Bagi mereka yang mengatur jarak pandang, Merapi dan Merbabu adalah pasangan yang akrab. Selalu bersama, menawan karena saling berpelukan. Bagi mereka yang ingin mengunjungi keduanya, Merapi dan Merbabu adalah kemustahilan. Lereng Merapi dan Merbabu ada di tempat-tempat yang berbeda. Merapi di Yogyakarta dan Merbabu di Magelang serta Boyolali. Mereka hanya bersatu di jalur pendakian Selo, itupun dengan arah berbeda. Aku menyebutkan fakta itu padamu dan kau menyimpulkan, “Ah, sayang sekali. Padahal Merapi dan Merbabu terlampau serasi.”

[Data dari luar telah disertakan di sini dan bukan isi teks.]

text \<open>Lowering the payoff lowers \<open>q\<close> pointwise and hence \<open>G\<close>, since the weight \<open>h\<close> is
  nonnegative.\<close>

lemma G_mono_payoff:
  assumes v: "stopping_problem lam lam0 lam1 mu y0 psi eta c nu0 v"
    and le: "\<And>x. x \<ge> 0 \<Longrightarrow> v x \<le> w x" and r: "r \<ge> 0"
  shows "Gop lam lam0 lam1 mu c nu0 nu1 psi eta v r \<le> G r"
proof -
  interpret v: stopping_problem lam lam0 lam1 mu y0 psi eta c nu0 nu1 v
    by (fact v)
  have "integral {0..r} (\<lambda>z. h z * v.q z) \<le> integral {0..r} (\<lambda>z. h z * q z)"
  proof (rule integral_le[OF v.integrand_integrable[OF r] integrand_integrable[OF r]])
    fix z assume z: "z \<in> {0..r}"
    have "Kop lam0 lam1 nu0 nu1 v z \<le> Kop lam0 lam1 nu0 nu1 w z"
      using z by (intro K_mono_fun[OF nu0 lam0_pos lam1_pos _ v.w_bdd v.w_cont w_bdd w_cont le]) auto
    then have "v.q z \<le> q z"
      using lam0_pos unfolding v.q_def q_def by (simp add: mult_left_mono)
    with z show "h z * v.q z \<le> h z * q z"
      by (intro mult_left_mono h_nonneg) auto
  qed
  then show ?thesis unfolding v.G_eq[symmetric] G_eq[symmetric] v.G_def .
qed

lemma stopping_problem_const: "stopping_problem lam lam0 lam1 mu y0 psi eta c nu0 (\<lambda>_. - supnorm w)"
  unfolding stopping_problem_def stopping_problem_axioms_def
  using fundamental_solutions_axioms supnorm_nonneg nu0 lam1_pos c_pos
  by (simp add: image_constant_conv monotone_on_def)

lemma phiw_le_const_root:
  "phiw \<le> (THE \<phi>. \<phi> > 0 \<and> Gop lam lam0 lam1 mu c nu0 nu1 psi eta (\<lambda>_. - supnorm w) \<phi> = 0)"
proof -
  interpret const: stopping_problem lam lam0 lam1 mu y0 psi eta c nu0 nu1 "\<lambda>_. - supnorm w"
    by (fact stopping_problem_const)
  have "0 = const.G const.phiw" using const.phiw by simp
  also have "\<dots> \<le> G const.phiw"
    unfolding const.G_def using const.phiw supnorm_bound[OF w_bdd]
    by (intro G_mono_payoff stopping_problem_const) force+
  finally show ?thesis
    using phiw_le_if_G_nonneg const.phiw unfolding const.phiw_def const.G_def by blast
qed

end

theorem lemma4p2:
  fixes lam lam0 lam1 mu c y0 :: real
    and nu0 nu1 :: "'e measure"
    and psi eta w :: "real \<Rightarrow> real"
  assumes lam_pos: "lam > 0" and lam0_pos: "lam0 > 0" and lam1_pos: "lam1 > 0"
    and mu_nz: "mu \<noteq> 0" and c_pos: "c > 0" and y0_pos: "y0 > 0"
    and nu0: "prob_space nu0" and nu1: "prob_space nu1"
    and sets_eq: "sets nu1 = sets nu0"
    and ac: "absolutely_continuous nu0 nu1"
    and psi_diff: "\<And>y. y > 0 \<Longrightarrow> psi differentiable (at y) \<and> deriv psi differentiable (at y)"
    and eta_diff: "\<And>y. y > 0 \<Longrightarrow> eta differentiable (at y) \<and> deriv eta differentiable (at y)"
    and psi_ode: "\<And>y. y > 0 \<Longrightarrow> A0op lam lam0 lam1 mu psi y = (lam + lam0) * psi y"
    and eta_ode: "\<And>y. y > 0 \<Longrightarrow> A0op lam lam0 lam1 mu eta y = (lam + lam0) * eta y"
    and psi_pos: "\<And>y. y > 0 \<Longrightarrow> psi y > 0"
    and eta_pos: "\<And>y. y > 0 \<Longrightarrow> eta y > 0"
    and psi_incr: "mono_on {0<..} psi"
    and eta_decr: "antimono_on {0<..} eta"
    and psi_0: "\<exists>L. 0 < L \<and> (psi \<longlongrightarrow> L) (at_right 0)"
    and eta_0: "filterlim eta at_top (at_right 0)"
    and psi_inf: "filterlim psi at_top at_top"
    and eta_inf: "(eta \<longlongrightarrow> 0) at_top"
    and psi_S: "filterlim (\<lambda>y. deriv psi y / Sprime lam lam0 lam1 mu y0 y) at_top at_top"
    and w_bdd: "bounded (w ` {0..})"
    and w_cont: "continuous_on {0..} w"
    and w_mono: "mono_on {0..} w"
    and w_nonpos: "\<And>x. x \<ge> 0 \<Longrightarrow> w x \<le> 0"
  shows
    "(\<exists>!phi. phi > 0 \<and> Gop lam lam0 lam1 mu c nu0 nu1 psi eta w phi = 0)
     \<and> (\<exists>!phi. phi \<ge> 0 \<and> gfun lam c phi + lam0 * Kop lam0 lam1 nu0 nu1 w phi = 0)
     \<and> (let phiw = (THE phi. phi > 0 \<and> Gop lam lam0 lam1 mu c nu0 nu1 psi eta w phi = 0);
            phil = (THE phi. phi \<ge> 0 \<and> gfun lam c phi + lam0 * Kop lam0 lam1 nu0 nu1 w phi = 0);
            phir = (THE phi. phi > 0 \<and>
                      Gop lam lam0 lam1 mu c nu0 nu1 psi eta (\<lambda>_. - supnorm w) phi = 0)
        in phil \<le> phiw \<and> phiw \<le> phir
           \<and> (\<forall>phi. 0 < phi \<and> phi < phiw \<longrightarrow> Gop lam lam0 lam1 mu c nu0 nu1 psi eta w phi < 0)
           \<and> (\<forall>phi. phi > phiw \<longrightarrow> Gop lam lam0 lam1 mu c nu0 nu1 psi eta w phi > 0))"
proof -
  interpret stopping_problem lam lam0 lam1 mu y0 psi eta c nu0 nu1 w
    by (intro stopping_problem.intro fundamental_solutions.intro stopping_problem_axioms.intro)
       (fact assms)+
  have roots: "(THE phi. phi > 0 \<and> Gop lam lam0 lam1 mu c nu0 nu1 psi eta w phi = 0) = phiw"
    "(THE phi. phi \<ge> 0 \<and> gfun lam c phi + lam0 * Kop lam0 lam1 nu0 nu1 w phi = 0) = phil"
    unfolding phiw_def G_def phil_def q_def by (rule refl)+
  show ?thesis
    unfolding Let_def roots
    using G_unique_root q_unique_root phil_less_phiw phiw_le_const_root
      G_neg_below_root G_pos_above_root
    unfolding G_def q_def by (simp add: less_imp_le)
qed

end
(* Let $\mathcal{D}=(\Omega,\mathcal{B})$ be a supersimple $2$-$(n,4,\lambda)$ design satisfying property $(\triangle)$, such that $(\Omega,\mathcal{C})$ is a regular two-graph, where $\mathcal{C}$ is the set of collinear triples of $\mathcal{D}$. Let $\infty\in\Omega$, $G:=\mathcal{L}_\infty(\mathcal{D})$, and $\mathcal{E}:=\{[a,b]\mid a,b\in\Omega\}$. Then $G$ is a subgroup of $\operatorname{Aut}(\mathcal{D})$, and $(G,\mathcal{E})$ is a $3$-transposition group.
   Context: A $2$-$(n,4,\lambda)$ design $(\Omega,\mathcal{B})$: $n$ points, a multiset of $4$-subsets (lines), every $2$-subset in exactly $\lambda$ lines; supersimple: distinct lines meet in at most two points. For distinct $a,b$ with lines $\{a,b,a_i,b_i\}$ ($1\le i\le\lambda$) through them, the elementary move is $[a,b]:=(a,b)\prod_i(a_i,b_i)$; $[a,a]:=1$. Permutations act on the right, products composed left to right; $[a_0,\dots,a_k]:=[a_0,a_1]\cdots[a_{k-1},a_k]$; $\mathcal{L}_\infty(\mathcal{D})$ is the set of all move sequences $[\infty,a_1,\dots,a_k]$, $k\ge1$. Property $(\triangle)$: if $B_1,B_2\in\mathcal{B}$ with $|B_1\cap B_2|=2$ then $B_1\triangle B_2\in\mathcal{B}$. Collinear triple: $3$-subset contained in a line. Regular two-graph: $(\Omega,\mathcal{C})$ is a $2$-$(n,3,\mu)$ design with every $4$-subset containing $0$, $2$ or $4$ members of $\mathcal{C}$. A $3$-transposition group is a pair $(G,\mathcal{E})$, $\mathcal{E}$ a set of involutions with $G=\langle\mathcal{E}\rangle$, $\mathcal{E}$ a union of $G$-conjugacy classes, and $gh$ of order $1,2$ or $3$ for all $g,h\in\mathcal{E}$. *)

theory Defs
  imports Main "HOL-Library.Multiset" "HOL-Combinatorics.Permutations"
begin

text \<open>A 2-(n,4,lambda) design on the finite point set Omega (n = card Omega),
  lines form a multiset of 4-subsets.\<close>
definition design_2_4 :: "'a set \<Rightarrow> 'a set multiset \<Rightarrow> nat \<Rightarrow> bool" where
  "design_2_4 \<Omega> \<B> lam \<longleftrightarrow> finite \<Omega> \<and>
     (\<forall>L. L \<in># \<B> \<longrightarrow> L \<subseteq> \<Omega> \<and> card L = 4) \<and>
     (\<forall>x y. x \<in> \<Omega> \<longrightarrow> y \<in> \<Omega> \<longrightarrow> x \<noteq> y \<longrightarrow>
        size (filter_mset (\<lambda>L. {x, y} \<subseteq> L) \<B>) = lam)"

text \<open>Supersimple: any two distinct lines (distinct occurrences in the multiset)
  meet in at most two points.\<close>
definition supersimple :: "'a set multiset \<Rightarrow> bool" where
  "supersimple \<B> \<longleftrightarrow> (\<forall>L M. L \<in># \<B> \<longrightarrow> M \<in># (\<B> - {#L#}) \<longrightarrow> card (L \<inter> M) \<le> 2)"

“Tak semua yang serasi harus bersatu. Tak semua yang terlihat bersama harus saling memiliki,” ungkapku lirih. “Mari kita gunakan majas personifikasi. Masih ingat kan pelajaran Bahasa Indonesia saat SMA? Personifikasi digunakan untuk menghidupkan benda mati, paling mudah digunakan untuk mereka yang baru belajar puisi. Oke, kita ibaratkan Merapi dan Merbabu saling jatuh cinta.” Kau mengejekku budak cinta dan lemah hati, bertolak belakang dengan ketangguhanku di jalur pendakian. Aku mencelamu balik karena kau sama galau-nya denganku, hanya lebih jarang saja.

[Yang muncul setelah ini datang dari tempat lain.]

(* In the binary setting below, the mean squared error satisfies $$\mathrm{MSE}(S,Q)=\mathrm{CL}+\mathrm{GL}\ \ge\ \ell^2\text{-}\mathrm{ECE}_B+\mathcal{L}_{\mathrm{GL}_B}-\mathbb{E}\Big[\sqrt{\mathrm{Var}(S\mid S_B)}\big(2\sqrt{\mathrm{Var}(C\mid S_B)}-\sqrt{\mathrm{Var}(S\mid S_B)}\big)\Big]$$ $$\ge\ \ell^2\text{-}\mathrm{ECE}_B+\mathcal{L}_{\mathrm{GL}_B}-\mathbb{E}\Big[\sqrt{\mathrm{Var}(S\mid S_B)}\big(2\sqrt{C_B(1-C_B)}-\sqrt{\mathrm{Var}(S\mid S_B)}\big)\Big],$$ and, with $N$ equal-width bins, $\mathrm{MSE}(S,Q)\ge\ell^2\text{-}\mathrm{ECE}_B+\mathcal{L}_{\mathrm{GL}_B}-\frac1N\mathbb{E}\big[\sqrt{C_B(1-C_B)}\big]$.
   Context: Binary setting: $(X,Y)$ jointly distributed with $X\in\mathcal{X}$, $Y\in\{0,1\}$; $Q:=P(Y=1\mid X)$; $S=f(X)\in[0,1]$ is a classifier's confidence for the positive class; $C:=\mathbb{E}[Q\mid S]$. $\mathrm{MSE}(S,Q):=\mathbb{E}[(S-Q)^2]$, $\mathrm{CL}:=\mathbb{E}[(S-C)^2]$, $\mathrm{GL}:=\mathbb{E}[(C-Q)^2]$. Given a partition of $[0,1]$ into interval bins $\mathcal{B}_j$, $S_B$ equals $\mathbb{E}[S\mid S\in\mathcal{B}_j]$ on $\{S\in\mathcal{B}_j\}$, $C_B:=\mathbb{E}[Q\mid S_B]$. $\ell^2\text{-}\mathrm{ECE}_B:=\mathbb{E}[(S_B-C_B)^2]$ is the $\ell^2$ expected calibration error of the binned classifier, and $\mathcal{L}_{\mathrm{GL}_B}:=\mathbb{E}[\mathrm{Var}(\mathbb{E}[Q\mid S_B,\mathscr{R}]\mid S_B)]$ is the grouping loss lower bound of $S_B$ for a partition $\mathscr{R}:\mathcal{X}\to\mathbb{N}$ of the feature space (with $\mathscr{R}=\mathscr{R}(X)$). $\mathrm{Var}(\cdot\mid S_B)$ is the ordinary conditional variance. "$N$ equal-width bins" means the bins are the intervals of length $1/N$ partitioning $[0,1]$. *)

theory Defs
  imports "HOL-Probability.Probability"
begin

definition gen :: "'a measure \<Rightarrow> 'b measure \<Rightarrow> ('a \<Rightarrow> 'b) \<Rightarrow> 'a measure" where
  "gen M N g = vimage_algebra (space M) g N"

definition cond_var :: "'a measure \<Rightarrow> 'a measure \<Rightarrow> ('a \<Rightarrow> real) \<Rightarrow> 'a \<Rightarrow> real" where
  "cond_var M F f = real_cond_exp M F (\<lambda>\<omega>. (f \<omega> - real_cond_exp M F f \<omega>)\<^sup>2)"

definition interval_partition :: "(nat \<Rightarrow> real set) \<Rightarrow> nat set \<Rightarrow> bool" where
  "interval_partition B J \<longleftrightarrow>
     (\<forall>j\<in>J. B j \<noteq> {} \<and> is_interval (B j)) \<and> disjoint_family_on B J \<and> (\<Union>j\<in>J. B j) = {0..1}"

definition eq_bins :: "nat \<Rightarrow> nat \<Rightarrow> real set" where
  "eq_bins N j = (if j + 1 < N then {real j / real N ..< real (j + 1) / real N}
                  else {real j / real N .. real (j + 1) / real N})"

(* binned classifier S_B: on {S \<in> B j} it equals E[S | S \<in> B j] *)
definition binned :: "'a measure \<Rightarrow> (nat \<Rightarrow> real set) \<Rightarrow> nat set \<Rightarrow> ('a \<Rightarrow> real) \<Rightarrow> 'a \<Rightarrow> real" where
  "binned M B J S \<omega> =
     (let j = (THE j. j \<in> J \<and> S \<omega> \<in> B j);
          E = {\<omega>' \<in> space M. S \<omega>' \<in> B j}
      in (\<integral>\<omega>'. indicator E \<omega>' * S \<omega>' \<partial>M) / measure M E)"

definition bin_sigma :: "'a measure \<Rightarrow> (nat \<Rightarrow> real set) \<Rightarrow> nat set \<Rightarrow> ('a \<Rightarrow> real) \<Rightarrow> 'a measure" where
  "bin_sigma M B J S = gen M borel (binned M B J S)"

definition bin_calib :: "'a measure \<Rightarrow> (nat \<Rightarrow> real set) \<Rightarrow> nat set \<Rightarrow> ('a \<Rightarrow> real) \<Rightarrow> ('a \<Rightarrow> real) \<Rightarrow> 'a \<Rightarrow> real" where
  "bin_calib M B J S Q = real_cond_exp M (bin_sigma M B J S) Q"

definition MSE :: "'a measure \<Rightarrow> ('a \<Rightarrow> real) \<Rightarrow> ('a \<Rightarrow> real) \<Rightarrow> real" where
  "MSE M S Q = (\<integral>\<omega>. (S \<omega> - Q \<omega>)\<^sup>2 \<partial>M)"

definition calib :: "'a measure \<Rightarrow> ('a \<Rightarrow> real) \<Rightarrow> ('a \<Rightarrow> real) \<Rightarrow> 'a \<Rightarrow> real" where
  "calib M S Q = real_cond_exp M (gen M borel S) Q"

definition CL :: "'a measure \<Rightarrow> ('a \<Rightarrow> real) \<Rightarrow> ('a \<Rightarrow> real) \<Rightarrow> real" where
  "CL M S Q = (\<integral>\<omega>. (S \<omega> - calib M S Q \<omega>)\<^sup>2 \<partial>M)"

definition GL :: "'a measure \<Rightarrow> ('a \<Rightarrow> real) \<Rightarrow> ('a \<Rightarrow> real) \<Rightarrow> real" where
  "GL M S Q = (\<integral>\<omega>. (calib M S Q \<omega> - Q \<omega>)\<^sup>2 \<partial>M)"

definition ece_B :: "'a measure \<Rightarrow> (nat \<Rightarrow> real set) \<Rightarrow> nat set \<Rightarrow> ('a \<Rightarrow> real) \<Rightarrow> ('a \<Rightarrow> real) \<Rightarrow> real" where
  "ece_B M B J S Q = (\<integral>\<omega>. (binned M B J S \<omega> - bin_calib M B J S Q \<omega>)\<^sup>2 \<partial>M)"

(* grouping loss lower bound E[Var(E[Q | S_B, R] | S_B)]; Rw = R(X) as a random variable *)
definition GL_lower :: "'a measure \<Rightarrow> (nat \<Rightarrow> real set) \<Rightarrow> nat set \<Rightarrow> ('a \<Rightarrow> real) \<Rightarrow> ('a \<Rightarrow> real)
                        \<Rightarrow> ('a \<Rightarrow> nat) \<Rightarrow> real" where
  "GL_lower M B J S Q Rw =
     (\<integral>\<omega>. cond_var M (bin_sigma M B J S)
              (real_cond_exp M (gen M (borel \<Otimes>\<^sub>M count_space UNIV) (\<lambda>\<omega>'. (binned M B J S \<omega>', Rw \<omega>'))) Q) \<omega> \<partial>M)"

end

theory Submission
  imports Defs
begin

“Merbabu dan Merapi mengerti bahwa mereka selalu berdampingan. Mereka menuai kekaguman dari anak manusia bersama, mereka menjadi mempesona bersama. Di sisi lain, mereka terlampau sadar bahwa sulit bagi jemari mereka untuk bertautan,” ujarku. “Tetapi Merbabu jatuh cinta pada Merapi? Begitu?” tanyamu, mulai ikut permainanku. “Bisa jadi. Merbabu yang cantik dan kalem. Ia mengagumi kawannya itu dalam diam. Mengagumi setiap lekuk dan lereng di tubuh Merapi, menginginkan bara dan pijar Merapi. Namun dengan segala keindahan dan fakta bahwa manusia mencintainya, Merbabu tidak dapat membuat Merapi jatuh hati padanya,” kataku getir. “Bagaimana kalau Merapi yang jatuh cinta pada Merbabu?” tanyamu menyela. “Ia mengagumi keindahan dan keramahan sang Merbabu. Ia berpikir bahwa Merbabu dapat dengan mudah jatuh ke dalam pelukannya, namun ternyata tidak. Merbabu dikagumi begitu banyak pendaki, begitu kan katamu? Merapi takut ia tidak cukup indah untuk Merbabu yang mempesona.”

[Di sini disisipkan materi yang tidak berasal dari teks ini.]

lemma prime_not_dvd_180:
  assumes "prime (p::nat)" "p \<ge> 7" shows "\<not> int p dvd 180"
proof
  assume "int p dvd 180"
  then have d: "p dvd 180" by (simp add: int_dvd_int_iff[symmetric])
  have d1: "p dvd 2 \<or> p dvd 90" using prime_dvd_mult_iff[OF assms(1), of 2 90] d by simp
  have d2: "p dvd 90 \<Longrightarrow> p dvd 2 \<or> p dvd 45" using prime_dvd_mult_iff[OF assms(1), of 2 45] by simp
  have d3: "p dvd 45 \<Longrightarrow> p dvd 3 \<or> p dvd 15" using prime_dvd_mult_iff[OF assms(1), of 3 15] by simp
  have d4: "p dvd 15 \<Longrightarrow> p dvd 3 \<or> p dvd 5" using prime_dvd_mult_iff[OF assms(1), of 3 5] by simp
  have "p dvd 2 \<or> p dvd 3 \<or> p dvd 5" using d1 d2 d3 d4 by blast
  then have "p \<le> 5" by (auto dest: dvd_imp_le)
  then show False using assms(2) by simp
qed

lemma not_dvd_180_mult:
  assumes prime: "prime p" and "p \<ge> 7" "0 < r" "r < int p"
  shows "\<not> int p dvd 180 * r"
proof
  assume "int p dvd 180 * r"
  then have "int p dvd 180 \<or> int p dvd r" using prime by (simp add: prime_dvd_mult_iff)
  then show False
    using prime_not_dvd_180[OF prime \<open>p \<ge> 7\<close>] assms(3,4) zdvd_imp_le[of "int p" r] by auto
qed

lemma coprime_divisor_180:
  assumes prime: "prime p" and "p \<ge> 7" "c dvd 180"
  shows "coprime c (int p)"
proof -
  have "\<not> int p dvd c"
  proof
    assume "int p dvd c"
    then have "int p dvd 180" using \<open>c dvd 180\<close> by (rule dvd_trans)
    then show False using prime_not_dvd_180[OF prime \<open>p \<ge> 7\<close>] by simp
  qed
  then show ?thesis
    using prime prime_imp_coprime[of "int p" c] by (simp add: coprime_commute)
qed

lemma ints_between_bounds:
  assumes "0 \<le> X" "Y \<le> 180" "s \<in> ints_between p X Y"
  shows "0 < s" "s < int p"
proof -
  have h: "X * int p < 180 * s" "180 * s < Y * int p" using assms(3) by (auto simp: ints_between_def)
  have "0 \<le> X * int p" using assms(1) by simp
  then show "0 < s" using h(1) by linarith
  have "Y * int p \<le> 180 * int p" using assms(2) by (simp add: mult_right_mono)
  then show "s < int p" using h(2) by linarith
qed

lemma mem_ints_between_iff:
  assumes prime: "prime p" and "p \<ge> 7" "c > 0" "c * s = r + j * int p" "0 < r" "r < int p"
  shows "s \<in> ints_between p X Y
    \<longleftrightarrow> c * X - 180 * j \<le> 180 * r div int p \<and> 180 * r div int p < c * Y - 180 * j"
proof -
  have p: "int p > 0" using \<open>p \<ge> 7\<close> by simp
  have "c * (180 * s) = 180 * (c * s)" by simp
  also have "\<dots> = 180 * r + 180 * j * int p" unfolding assms(4) by (simp add: algebra_simps)
  finally have "c * (180 * s) = 180 * r + 180 * j * int p" .
  moreover have "c * (X * int p) = (c * X - 180 * j) * int p + 180 * j * int p"
    "c * (Y * int p) = (c * Y - 180 * j) * int p + 180 * j * int p"
    by (simp_all add: algebra_simps)
  moreover have "X * int p < 180 * s \<longleftrightarrow> c * (X * int p) < c * (180 * s)"
    "180 * s < Y * int p \<longleftrightarrow> c * (180 * s) < c * (Y * int p)"
    using \<open>c > 0\<close> by simp_all
  ultimately have "X * int p < 180 * s \<longleftrightarrow> (c * X - 180 * j) * int p < 180 * r"
    "180 * s < Y * int p \<longleftrightarrow> 180 * r < (c * Y - 180 * j) * int p"
    by linarith+
  then show ?thesis
    unfolding ints_between_def
    using mult_less_iff_le_div[OF p not_dvd_180_mult[OF prime \<open>p \<ge> 7\<close> assms(5,6)]]
      less_mult_iff_div_less[OF p]
    by simp
qed

lemma dvd_add_label_mult:
  fixes c g r P :: int
  assumes "c dvd 60" "60 dvd g * P + r"
  shows "c dvd r + (g mod c) * P"
proof -
  have eq: "r + (g mod c) * P = (g * P + r) - c * (g div c * P)"
    by (simp add: algebra_simps flip: minus_mod_eq_mult_div[of g c])
  have "c dvd g * P + r" using assms by (rule dvd_trans)
  then have "c dvd (g * P + r) - c * (g div c * P)" by (intro dvd_diff) simp_all
  then show ?thesis unfolding eq .
qed

lemma mult_eq_residue_add_label:
  fixes c j r s P :: int
  assumes "coprime c P" "0 \<le> j" "j < c" "c dvd r + j * P" "0 < s" "s < P" "c * s mod P = r"
  shows "c * s = r + j * P"
proof -
  define i where "i = c * s div P"
  have cs: "c * s = r + i * P" using div_mult_mod_eq[of "c * s" P] assms(7) unfolding i_def by linarith
  have "c > 0" "P > 0" using assms(2,3,5,6) by simp_all
  then have "0 \<le> i" "i < c"
    using assms(5,6) less_mult_iff_div_less[of P "c * s" c] unfolding i_def
    by (simp_all add: pos_imp_zdiv_nonneg_iff mult.commute)
  have "c dvd r + i * P" unfolding cs[symmetric] by simp
  then have "c dvd (r + i * P) - (r + j * P)" using assms(4) by (rule dvd_diff)
  then have "c dvd (i - j) * P" by (simp add: algebra_simps)
  then have "i mod c = j mod c"
    using assms(1) by (simp add: coprime_dvd_mult_left_iff mod_eq_dvd_iff)
  then have "i = j" using \<open>0 \<le> i\<close> \<open>i < c\<close> assms(2,3) by simp
  then show ?thesis using cs by simp
qed

definition mult_residues :: "nat \<Rightarrow> int \<Rightarrow> int \<Rightarrow> int \<Rightarrow> int set" where
  "mult_residues p c X Y = (\<lambda>s. c * s mod int p) ` ints_between p X Y"

lemma mem_mult_residues_iff:
  assumes prime: "prime p" and "p \<ge> 7" "c > 0" "c dvd 60" "0 \<le> X" "Y \<le> 180"
    and r: "0 < r" "r < int p" and "60 dvd g * int p + r"
  shows "r \<in> mult_residues p c X Y \<longleftrightarrow>
     c * X - 180 * (g mod c) \<le> 180 * r div int p \<and> 180 * r div int p < c * Y - 180 * (g mod c)"
proof -
  have label: "c dvd r + (g mod c) * int p"
    using assms(4,9) by (rule dvd_add_label_mult)
  have cop: "coprime c (int p)"
    using dvd_trans[OF assms(4), of 180] by (intro coprime_divisor_180[OF prime \<open>p \<ge> 7\<close>]) simp
  show ?thesis
  proof
    assume "r \<in> mult_residues p c X Y"
    then obtain s where s: "s \<in> ints_between p X Y" "c * s mod int p = r"
      by (auto simp: mult_residues_def)
    then have "c * s = r + (g mod c) * int p"
      using ints_between_bounds[OF assms(5,6) s(1)] \<open>c > 0\<close>
      by (intro mult_eq_residue_add_label[OF cop _ _ label]) auto
    then show "c * X - 180 * (g mod c) \<le> 180 * r div int p \<and> 180 * r div int p < c * Y - 180 * (g mod c)"
      using mem_ints_between_iff[OF prime \<open>p \<ge> 7\<close> \<open>c > 0\<close> _ r, of s "g mod c" X Y] s(1) by simp
  next
    assume *: "c * X - 180 * (g mod c) \<le> 180 * r div int p \<and> 180 * r div int p < c * Y - 180 * (g mod c)"
    define s where "s = (r + (g mod c) * int p) div c"
    have cs: "c * s = r + (g mod c) * int p" unfolding s_def using label by simp
    then have "s \<in> ints_between p X Y"
      using mem_ints_between_iff[OF prime \<open>p \<ge> 7\<close> \<open>c > 0\<close> cs r, of X Y] * by simp
    moreover have "c * s mod int p = r" using cs r by simp
    ultimately show "r \<in> mult_residues p c X Y" unfolding mult_residues_def by force
  qed
qed

lemma inj_on_mult_mod_ints_between:
  assumes "coprime c (int p)" "0 \<le> X" "Y \<le> 180"
  shows "inj_on (\<lambda>s. c * s mod int p) (ints_between p X Y)"
proof (rule inj_onI)
  fix x y assume x: "x \<in> ints_between p X Y" and y: "y \<in> ints_between p X Y"
    and "c * x mod int p = c * y mod int p"
  then have "int p dvd c * (x - y)" by (simp add: mod_eq_dvd_iff right_diff_distrib)
  then have "int p dvd x - y"
    using assms(1) by (simp add: coprime_commute coprime_dvd_mult_right_iff)
  then have "x mod int p = y mod int p" by (simp add: mod_eq_dvd_iff)
  then show "x = y"
    using ints_between_bounds[OF assms(2,3) x] ints_between_bounds[OF assms(2,3) y] by simp
qed

lemma mult_residues_subset:
  assumes "coprime c (int p)" "0 \<le> X" "Y \<le> 180"
  shows "mult_residues p c X Y \<subseteq> {1..<int p}"
proof
  fix r assume "r \<in> mult_residues p c X Y"
  then obtain s where s: "s \<in> ints_between p X Y" "r = c * s mod int p"
    by (auto simp: mult_residues_def)
  have "0 < s" "s < int p" using ints_between_bounds[OF assms(2,3) s(1)] by auto
  then have "\<not> int p dvd s" using zdvd_imp_le[of "int p" s] by auto
  then have "\<not> int p dvd c * s"
    using assms(1) by (simp add: coprime_commute coprime_dvd_mult_right_iff)
  moreover have "0 \<le> c * s mod int p" "c * s mod int p < int p"
    using \<open>0 < s\<close> \<open>s < int p\<close> by simp_all
  ultimately show "r \<in> {1..<int p}"
    using s(2) by (auto simp: dvd_eq_mod_eq_0)
qed

lemma sum_ints_between_cong:
  assumes "coprime c (int p)" "0 \<le> X" "Y \<le> 180"
  shows "[(\<Sum>s\<in>ints_between p X Y. (c * s) ^ t)
    = (\<Sum>r\<in>{1..<int p}. if r \<in> mult_residues p c X Y then r ^ t else 0)] (mod int p)"
proof -
  have "[(\<Sum>s\<in>ints_between p X Y. (c * s) ^ t) = (\<Sum>s\<in>ints_between p X Y. (c * s mod int p) ^ t)] (mod int p)"
    by (intro cong_sum cong_pow) (simp add: cong_def)
  also have "(\<Sum>s\<in>ints_between p X Y. (c * s mod int p) ^ t) = (\<Sum>r\<in>mult_residues p c X Y. r ^ t)"
    unfolding mult_residues_def
    by (subst sum.reindex[OF inj_on_mult_mod_ints_between[OF assms]]) (simp add: o_def)
  also have "\<dots> = (\<Sum>r\<in>{1..<int p}. if r \<in> mult_residues p c X Y then r ^ t else 0)"
    using mult_residues_subset[OF assms] by (simp add: sum.If_cases Int_absorb1)
  finally show ?thesis .
qed

lemma rhs_terms_bounds:
  "(\<sigma>, c, X, Y) \<in> set rhs_terms \<Longrightarrow> c > 0 \<and> c dvd 60 \<and> 0 \<le> X \<and> Y \<le> 180"
  unfolding rhs_terms_def by auto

Kita berdua diam kemudian meledak dalam tawa. Menjadikan diri kita bahan lelucon terkonyol di dunia. Berteriak bahwa perut tergelitik untuk muntah karena kalimat dan filosofi yang diucapkan masing-masing. Teman-teman memanggil, beberapa berkomentar bahwa kita serasi. Kau protes, aku menolak keras. Dalam pikiranku, terlintas kisah yang kita ciptakan tadi.

Kita adalah Merapi dan Merbabu. Dari kejauhan, mereka memandang kita adalah dua persona yang telah didukung Semesta. Namun tak tahu, aku dan kau yang jadi satu adalah kemustahilan. Tanganku terbakar jika hendak menggenggam jemarimu, jarak kita panjang bahkan sinyal internet lelah menghubungkan. Mungkin aku adalah Merbabu yang mengagumimu, sang Merapi, dalam diam. Walaupun aku tak secantik Merbabu dan kau tak segagah Merapi. Apakah mungkin Merapi memendam rasa pada Merbabu juga?

Kau adalah Merapi yang tak ingin diangankan, aku adalah Merbabu yang berangan dan menginginkanmu.